YOUR INSTRUCTIONS >> Go through the records and show each line where the word "bool" occurs.

Dataset entries:
--

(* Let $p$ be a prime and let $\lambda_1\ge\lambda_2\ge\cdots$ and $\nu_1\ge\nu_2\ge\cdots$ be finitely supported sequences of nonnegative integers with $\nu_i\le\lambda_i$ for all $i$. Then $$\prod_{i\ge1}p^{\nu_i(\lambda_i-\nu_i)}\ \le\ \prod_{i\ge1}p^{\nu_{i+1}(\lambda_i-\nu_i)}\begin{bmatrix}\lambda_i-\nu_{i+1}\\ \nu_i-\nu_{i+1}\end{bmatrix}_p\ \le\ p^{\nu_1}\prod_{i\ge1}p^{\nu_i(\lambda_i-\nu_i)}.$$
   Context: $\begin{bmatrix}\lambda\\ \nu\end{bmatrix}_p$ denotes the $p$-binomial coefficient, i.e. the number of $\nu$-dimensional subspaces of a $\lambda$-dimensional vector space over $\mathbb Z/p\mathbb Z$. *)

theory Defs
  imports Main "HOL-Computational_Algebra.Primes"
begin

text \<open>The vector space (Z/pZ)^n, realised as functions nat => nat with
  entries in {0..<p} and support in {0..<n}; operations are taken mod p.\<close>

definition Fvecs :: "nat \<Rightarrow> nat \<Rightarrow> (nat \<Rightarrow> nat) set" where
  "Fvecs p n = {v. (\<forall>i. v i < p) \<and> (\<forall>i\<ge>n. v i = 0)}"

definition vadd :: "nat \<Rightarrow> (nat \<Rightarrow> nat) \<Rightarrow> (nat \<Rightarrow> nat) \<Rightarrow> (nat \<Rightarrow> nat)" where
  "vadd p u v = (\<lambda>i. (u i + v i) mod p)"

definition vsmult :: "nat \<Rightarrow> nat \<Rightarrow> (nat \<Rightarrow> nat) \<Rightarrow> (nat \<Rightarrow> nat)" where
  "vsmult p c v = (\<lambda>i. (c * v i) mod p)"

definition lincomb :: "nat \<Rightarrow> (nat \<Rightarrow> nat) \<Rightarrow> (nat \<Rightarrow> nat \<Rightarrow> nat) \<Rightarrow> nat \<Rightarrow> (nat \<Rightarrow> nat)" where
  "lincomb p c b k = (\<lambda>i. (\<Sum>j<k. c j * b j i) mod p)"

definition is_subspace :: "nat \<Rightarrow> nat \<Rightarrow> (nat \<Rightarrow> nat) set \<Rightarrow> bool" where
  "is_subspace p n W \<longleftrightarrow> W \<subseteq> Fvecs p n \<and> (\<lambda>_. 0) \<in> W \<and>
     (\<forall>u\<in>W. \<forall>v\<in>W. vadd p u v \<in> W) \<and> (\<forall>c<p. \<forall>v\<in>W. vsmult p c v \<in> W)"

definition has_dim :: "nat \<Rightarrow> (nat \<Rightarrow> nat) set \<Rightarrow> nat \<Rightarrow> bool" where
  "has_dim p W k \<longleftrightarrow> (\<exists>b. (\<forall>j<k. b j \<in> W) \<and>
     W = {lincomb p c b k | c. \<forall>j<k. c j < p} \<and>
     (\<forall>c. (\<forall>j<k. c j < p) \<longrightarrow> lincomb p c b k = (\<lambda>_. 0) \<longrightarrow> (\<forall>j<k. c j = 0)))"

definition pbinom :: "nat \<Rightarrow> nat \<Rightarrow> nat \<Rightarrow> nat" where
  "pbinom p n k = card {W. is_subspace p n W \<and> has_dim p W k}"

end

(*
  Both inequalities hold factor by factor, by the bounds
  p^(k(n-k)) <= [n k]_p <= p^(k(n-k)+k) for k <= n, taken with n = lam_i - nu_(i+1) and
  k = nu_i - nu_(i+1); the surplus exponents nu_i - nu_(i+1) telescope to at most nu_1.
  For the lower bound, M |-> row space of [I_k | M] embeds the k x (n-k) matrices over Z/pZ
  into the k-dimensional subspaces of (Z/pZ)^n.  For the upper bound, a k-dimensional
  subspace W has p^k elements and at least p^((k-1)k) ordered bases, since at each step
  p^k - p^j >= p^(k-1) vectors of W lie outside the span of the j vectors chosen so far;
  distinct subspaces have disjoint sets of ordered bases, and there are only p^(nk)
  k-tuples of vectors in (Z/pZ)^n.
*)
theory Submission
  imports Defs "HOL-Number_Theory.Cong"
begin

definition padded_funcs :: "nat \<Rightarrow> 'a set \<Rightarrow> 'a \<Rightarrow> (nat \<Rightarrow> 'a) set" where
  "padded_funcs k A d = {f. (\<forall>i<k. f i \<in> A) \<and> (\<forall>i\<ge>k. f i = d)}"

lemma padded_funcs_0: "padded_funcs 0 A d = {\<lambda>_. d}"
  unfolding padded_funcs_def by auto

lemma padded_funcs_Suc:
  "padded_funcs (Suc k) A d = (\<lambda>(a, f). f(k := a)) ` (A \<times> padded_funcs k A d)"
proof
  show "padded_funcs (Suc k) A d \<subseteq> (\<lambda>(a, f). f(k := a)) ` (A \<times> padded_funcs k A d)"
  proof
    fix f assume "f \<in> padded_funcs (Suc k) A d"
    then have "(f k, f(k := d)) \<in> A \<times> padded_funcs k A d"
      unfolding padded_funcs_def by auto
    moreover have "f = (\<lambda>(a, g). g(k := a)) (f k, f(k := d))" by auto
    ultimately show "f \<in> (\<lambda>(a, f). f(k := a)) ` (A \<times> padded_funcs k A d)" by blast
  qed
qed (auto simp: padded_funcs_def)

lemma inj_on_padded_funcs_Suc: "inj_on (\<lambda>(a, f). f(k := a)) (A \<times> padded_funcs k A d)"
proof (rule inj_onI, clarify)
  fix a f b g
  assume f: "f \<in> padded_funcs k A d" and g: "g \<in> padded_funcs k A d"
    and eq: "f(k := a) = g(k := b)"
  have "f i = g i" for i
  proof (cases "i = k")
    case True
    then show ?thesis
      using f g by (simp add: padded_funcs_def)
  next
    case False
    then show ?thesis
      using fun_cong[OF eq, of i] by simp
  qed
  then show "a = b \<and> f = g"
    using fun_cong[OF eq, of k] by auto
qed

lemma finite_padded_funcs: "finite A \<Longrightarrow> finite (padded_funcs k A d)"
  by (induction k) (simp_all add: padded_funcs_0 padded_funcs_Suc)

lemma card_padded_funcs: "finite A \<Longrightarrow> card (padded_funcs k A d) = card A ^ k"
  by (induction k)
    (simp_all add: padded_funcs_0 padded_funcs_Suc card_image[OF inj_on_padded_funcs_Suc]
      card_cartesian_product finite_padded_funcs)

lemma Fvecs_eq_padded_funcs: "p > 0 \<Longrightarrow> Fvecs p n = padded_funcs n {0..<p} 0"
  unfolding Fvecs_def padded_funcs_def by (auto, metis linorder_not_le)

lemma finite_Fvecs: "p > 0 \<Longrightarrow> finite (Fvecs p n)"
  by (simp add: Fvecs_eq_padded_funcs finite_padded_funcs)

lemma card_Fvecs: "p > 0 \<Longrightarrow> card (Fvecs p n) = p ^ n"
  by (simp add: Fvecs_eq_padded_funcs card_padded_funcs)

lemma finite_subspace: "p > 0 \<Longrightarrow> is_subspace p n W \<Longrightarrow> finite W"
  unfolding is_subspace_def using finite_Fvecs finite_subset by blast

--

EXERCISE OUTPUT >>
definition is_subspace :: "nat \<Rightarrow> nat \<Rightarrow> (nat \<Rightarrow> nat) set \<Rightarrow> bool" where
definition has_dim :: "nat \<Rightarrow> (nat \<Rightarrow> nat) set \<Rightarrow> nat \<Rightarrow> bool" where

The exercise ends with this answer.